### Exercise brief
Return the records that follow, unchanged and complete.

(Stored data entries)
= Beginning of Section =

(* Let $M\in\mathbb{R}^{p\times q}_+$ with $\operatorname{rank}(M)=\binom{k+1}{2}$ and $\operatorname{rank}_{\mathrm{psd}}(M)=k$. Fix a rank factorization $M=UV$ with $U\in\mathbb{R}^{p\times d}$, $V\in\mathbb{R}^{d\times q}$, $d=\binom{k+1}{2}$; let $u_i\in\mathbb{R}^d$ be the $i$-th row of $U$ (as a vector) and $v_j\in\mathbb{R}^d$ the $j$-th column of $V$. Let $P=\operatorname{cone}(u_1,\dots,u_p)$ and $Q=\{x\in\mathbb{R}^d: v_j^Tx\ge0\ \text{for all } j\}$. Then $\mathcal{SF}(M)$ is homeomorphic to $\Delta_k(P,Q)$.
   Context: $\mathcal{S}^k$ is the space of real symmetric $k\times k$ matrices, $\mathcal{S}^k_+$ the psd cone, $\langle A,B\rangle=\operatorname{trace}(AB)$. The psd rank of $M$ is the smallest $k$ admitting $A_1,\dots,A_p,B_1,\dots,B_q\in\mathcal{S}^k_+$ with $M_{ij}=\langle A_i,B_j\rangle$. With $k=\operatorname{rank}_{\mathrm{psd}}(M)$, the space of psd factorizations $\mathcal{SF}(M)\subseteq(\mathcal{S}^k)^{p+q}$ is the set of all tuples $(A_1,\dots,A_p,B_1,\dots,B_q)$ of matrices in $\mathcal{S}^k_+$ with $M_{ij}=\langle A_i,B_j\rangle$ for all $i,j$, with the subspace topology. $\Delta_k(P,Q)$ is the set of all linear maps $\pi:\mathcal{S}^k\to\mathbb{R}^{\binom{k+1}{2}}$ with $P\subseteq\pi(\mathcal{S}^k_+)\subseteq Q$, with the subspace topology of the space of linear maps. *)

theory Defs
  imports "HOL-Analysis.Analysis"
begin

definition sym_mats :: "(real^'k^'k) set" where
  "sym_mats = {X. transpose X = X}"

definition psd_cone :: "(real^'k^'k) set" where
  "psd_cone = {X. transpose X = X \<and> (\<forall>v. 0 \<le> v \<bullet> (X *v v))}"

definition trace_ip :: "real^'k^'k \<Rightarrow> real^'k^'k \<Rightarrow> real" where
  "trace_ip A B = trace (A ** B)"

text \<open>psd matrices of size k, with size given by a natural number (needed because
  the psd rank quantifies over the size).\<close>
definition psd_n :: "nat \<Rightarrow> (nat \<Rightarrow> nat \<Rightarrow> real) \<Rightarrow> bool" where
  "psd_n k X \<longleftrightarrow> (\<forall>a<k. \<forall>b<k. X a b = X b a) \<and>
     (\<forall>v. 0 \<le> (\<Sum>a<k. \<Sum>b<k. v a * X a b * v b))"

definition psd_factorizable :: "nat \<Rightarrow> real^'q^'p \<Rightarrow> bool" where
  "psd_factorizable k M \<longleftrightarrow>
     (\<exists>(A :: 'p \<Rightarrow> nat \<Rightarrow> nat \<Rightarrow> real) (B :: 'q \<Rightarrow> nat \<Rightarrow> nat \<Rightarrow> real).
        (\<forall>i. psd_n k (A i)) \<and> (\<forall>j. psd_n k (B j)) \<and>
        (\<forall>i j. M $ i $ j = (\<Sum>a<k. \<Sum>b<k. A i a b * B j b a)))"

definition psd_rank :: "real^'q^'p \<Rightarrow> nat" where
  "psd_rank M = (LEAST k. psd_factorizable k M)"

definition psd_factorizations :: "real^'q^'p \<Rightarrow> (((real^'k^'k)^'p) \<times> ((real^'k^'k)^'q)) set" where
  "psd_factorizations M = {(A, B). (\<forall>i. A $ i \<in> psd_cone) \<and> (\<forall>j. B $ j \<in> psd_cone) \<and>
        (\<forall>i j. M $ i $ j = trace_ip (A $ i) (B $ j))}"

text \<open>Linear maps S^k \<rightarrow> R^d, represented as bounded linear maps on all k x k matrices
  that are invariant under transposition (i.e. factor through the symmetric part).\<close>
definition Delta :: "(real^'d) set \<Rightarrow> (real^'d) set \<Rightarrow> ((real^'k^'k) \<Rightarrow>\<^sub>L (real^'d)) set" where
  "Delta P Q = {\<pi>. (\<forall>X. blinfun_apply \<pi> (transpose X) = blinfun_apply \<pi> X) \<and>
        P \<subseteq> blinfun_apply \<pi> ` psd_cone \<and> blinfun_apply \<pi> ` psd_cone \<subseteq> Q}"

definition row_cone :: "real^'d^'p \<Rightarrow> (real^'d) set" where
  "row_cone U = {x. \<exists>c::'p \<Rightarrow> real. (\<forall>i. 0 \<le> c i) \<and> x = (\<Sum>i\<in>UNIV. c i *\<^sub>R row i U)}"

definition col_dual :: "real^'q^'d \<Rightarrow> (real^'d) set" where
  "col_dual V = {x. \<forall>j. 0 \<le> column j V \<bullet> x}"

end

theory Submission
  imports Defs
begin

text \<open>Identify the symmetric \<open>k \<times> k\<close> matrices with \<open>\<real>\<^sup>d\<close>, \<open>d = (k+1 choose 2)\<close>, by a
  linear isomorphism \<open>\<epsilon>\<close>, and let \<open>R\<close> be a right inverse of \<open>V\<close>. A factorization \<open>(A, B)\<close>
  yields \<open>\<pi>\<^sub>B X = \<Sum>\<^sub>j \<langle>B\<^sub>j, X\<rangle> r\<^sub>j\<close> with \<open>r\<^sub>j\<close> the rows of \<open>R\<close>; then \<open>\<pi>\<^sub>B A\<^sub>i = u\<^sub>i\<close>, and since
  \<open>rank M = d\<close> the \<open>A\<^sub>i\<close> span all symmetric matrices, on which \<open>v\<^sub>j\<^sup>T \<pi>\<^sub>B\<close> therefore equals
  \<open>\<langle>B\<^sub>j, -\<rangle>\<close>. Duality of the psd cone then puts \<open>\<pi>\<^sub>B\<close> into \<open>\<Delta>\<^sub>k(P, Q)\<close>. Conversely, for
  \<open>\<pi> \<in> \<Delta>\<^sub>k(P, Q)\<close> the image of the psd cone contains the full-dimensional cone \<open>P\<close>, so \<open>\<pi> \<circ> \<epsilon>\<close>
  is invertible; \<open>A\<^sub>i = \<epsilon> ((\<pi> \<circ> \<epsilon>)\<^sup>-\<^sup>1 u\<^sub>i)\<close> and \<open>B\<^sub>j\<close> the matrix of \<open>X \<mapsto> v\<^sub>j \<bullet> \<pi> X\<close> invert the
  first map, and Cramer's rule makes the inverse continuous.\<close>

section \<open>The psd cone and the trace inner product\<close>

lemma trace_ip_expand: "trace_ip A B = (\<Sum>a\<in>UNIV. \<Sum>b\<in>UNIV. A$a$b * B$b$a)"
  by (simp add: trace_ip_def trace_def matrix_matrix_mult_def)

lemma trace_ip_commute: "trace_ip A B = trace_ip B A"
  unfolding trace_ip_expand by (subst sum.swap) (simp add: mult.commute)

= End of Section =

### Written reply
(* Let $M\in\mathbb{R}^{p\times q}_+$ with $\operatorname{rank}(M)=\binom{k+1}{2}$ and $\operatorname{rank}_{\mathrm{psd}}(M)=k$. Fix a rank factorization $M=UV$ with $U\in\mathbb{R}^{p\times d}$, $V\in\mathbb{R}^{d\times q}$, $d=\binom{k+1}{2}$; let $u_i\in\mathbb{R}^d$ be the $i$-th row of $U$ (as a vector) and $v_j\in\mathbb{R}^d$ the $j$-th column of $V$. Let $P=\operatorname{cone}(u_1,\dots,u_p)$ and $Q=\{x\in\mathbb{R}^d: v_j^Tx\ge0\ \text{for all } j\}$. Then $\mathcal{SF}(M)$ is homeomorphic to $\Delta_k(P,Q)$.
   Context: $\mathcal{S}^k$ is the space of real symmetric $k\times k$ matrices, $\mathcal{S}^k_+$ the psd cone, $\langle A,B\rangle=\operatorname{trace}(AB)$. The psd rank of $M$ is the smallest $k$ admitting $A_1,\dots,A_p,B_1,\dots,B_q\in\mathcal{S}^k_+$ with $M_{ij}=\langle A_i,B_j\rangle$. With $k=\operatorname{rank}_{\mathrm{psd}}(M)$, the space of psd factorizations $\mathcal{SF}(M)\subseteq(\mathcal{S}^k)^{p+q}$ is the set of all tuples $(A_1,\dots,A_p,B_1,\dots,B_q)$ of matrices in $\mathcal{S}^k_+$ with $M_{ij}=\langle A_i,B_j\rangle$ for all $i,j$, with the subspace topology. $\Delta_k(P,Q)$ is the set of all linear maps $\pi:\mathcal{S}^k\to\mathbb{R}^{\binom{k+1}{2}}$ with $P\subseteq\pi(\mathcal{S}^k_+)\subseteq Q$, with the subspace topology of the space of linear maps. *)

theory Defs
  imports "HOL-Analysis.Analysis"
begin

definition sym_mats :: "(real^'k^'k) set" where
  "sym_mats = {X. transpose X = X}"

definition psd_cone :: "(real^'k^'k) set" where
  "psd_cone = {X. transpose X = X \<and> (\<forall>v. 0 \<le> v \<bullet> (X *v v))}"

definition trace_ip :: "real^'k^'k \<Rightarrow> real^'k^'k \<Rightarrow> real" where
  "trace_ip A B = trace (A ** B)"

text \<open>psd matrices of size k, with size given by a natural number (needed because
  the psd rank quantifies over the size).\<close>
definition psd_n :: "nat \<Rightarrow> (nat \<Rightarrow> nat \<Rightarrow> real) \<Rightarrow> bool" where
  "psd_n k X \<longleftrightarrow> (\<forall>a<k. \<forall>b<k. X a b = X b a) \<and>
     (\<forall>v. 0 \<le> (\<Sum>a<k. \<Sum>b<k. v a * X a b * v b))"

definition psd_factorizable :: "nat \<Rightarrow> real^'q^'p \<Rightarrow> bool" where
  "psd_factorizable k M \<longleftrightarrow>
     (\<exists>(A :: 'p \<Rightarrow> nat \<Rightarrow> nat \<Rightarrow> real) (B :: 'q \<Rightarrow> nat \<Rightarrow> nat \<Rightarrow> real).
        (\<forall>i. psd_n k (A i)) \<and> (\<forall>j. psd_n k (B j)) \<and>
        (\<forall>i j. M $ i $ j = (\<Sum>a<k. \<Sum>b<k. A i a b * B j b a)))"

definition psd_rank :: "real^'q^'p \<Rightarrow> nat" where
  "psd_rank M = (LEAST k. psd_factorizable k M)"

definition psd_factorizations :: "real^'q^'p \<Rightarrow> (((real^'k^'k)^'p) \<times> ((real^'k^'k)^'q)) set" where
  "psd_factorizations M = {(A, B). (\<forall>i. A $ i \<in> psd_cone) \<and> (\<forall>j. B $ j \<in> psd_cone) \<and>
        (\<forall>i j. M $ i $ j = trace_ip (A $ i) (B $ j))}"

text \<open>Linear maps S^k \<rightarrow> R^d, represented as bounded linear maps on all k x k matrices
  that are invariant under transposition (i.e. factor through the symmetric part).\<close>
definition Delta :: "(real^'d) set \<Rightarrow> (real^'d) set \<Rightarrow> ((real^'k^'k) \<Rightarrow>\<^sub>L (real^'d)) set" where
  "Delta P Q = {\<pi>. (\<forall>X. blinfun_apply \<pi> (transpose X) = blinfun_apply \<pi> X) \<and>
        P \<subseteq> blinfun_apply \<pi> ` psd_cone \<and> blinfun_apply \<pi> ` psd_cone \<subseteq> Q}"

definition row_cone :: "real^'d^'p \<Rightarrow> (real^'d) set" where
  "row_cone U = {x. \<exists>c::'p \<Rightarrow> real. (\<forall>i. 0 \<le> c i) \<and> x = (\<Sum>i\<in>UNIV. c i *\<^sub>R row i U)}"

definition col_dual :: "real^'q^'d \<Rightarrow> (real^'d) set" where
  "col_dual V = {x. \<forall>j. 0 \<le> column j V \<bullet> x}"

end

theory Submission
  imports Defs
begin

text \<open>Identify the symmetric \<open>k \<times> k\<close> matrices with \<open>\<real>\<^sup>d\<close>, \<open>d = (k+1 choose 2)\<close>, by a
  linear isomorphism \<open>\<epsilon>\<close>, and let \<open>R\<close> be a right inverse of \<open>V\<close>. A factorization \<open>(A, B)\<close>
  yields \<open>\<pi>\<^sub>B X = \<Sum>\<^sub>j \<langle>B\<^sub>j, X\<rangle> r\<^sub>j\<close> with \<open>r\<^sub>j\<close> the rows of \<open>R\<close>; then \<open>\<pi>\<^sub>B A\<^sub>i = u\<^sub>i\<close>, and since
  \<open>rank M = d\<close> the \<open>A\<^sub>i\<close> span all symmetric matrices, on which \<open>v\<^sub>j\<^sup>T \<pi>\<^sub>B\<close> therefore equals
  \<open>\<langle>B\<^sub>j, -\<rangle>\<close>. Duality of the psd cone then puts \<open>\<pi>\<^sub>B\<close> into \<open>\<Delta>\<^sub>k(P, Q)\<close>. Conversely, for
  \<open>\<pi> \<in> \<Delta>\<^sub>k(P, Q)\<close> the image of the psd cone contains the full-dimensional cone \<open>P\<close>, so \<open>\<pi> \<circ> \<epsilon>\<close>
  is invertible; \<open>A\<^sub>i = \<epsilon> ((\<pi> \<circ> \<epsilon>)\<^sup>-\<^sup>1 u\<^sub>i)\<close> and \<open>B\<^sub>j\<close> the matrix of \<open>X \<mapsto> v\<^sub>j \<bullet> \<pi> X\<close> invert the
  first map, and Cramer's rule makes the inverse continuous.\<close>

section \<open>The psd cone and the trace inner product\<close>

lemma trace_ip_expand: "trace_ip A B = (\<Sum>a\<in>UNIV. \<Sum>b\<in>UNIV. A$a$b * B$b$a)"
  by (simp add: trace_ip_def trace_def matrix_matrix_mult_def)

lemma trace_ip_commute: "trace_ip A B = trace_ip B A"
  unfolding trace_ip_expand by (subst sum.swap) (simp add: mult.commute)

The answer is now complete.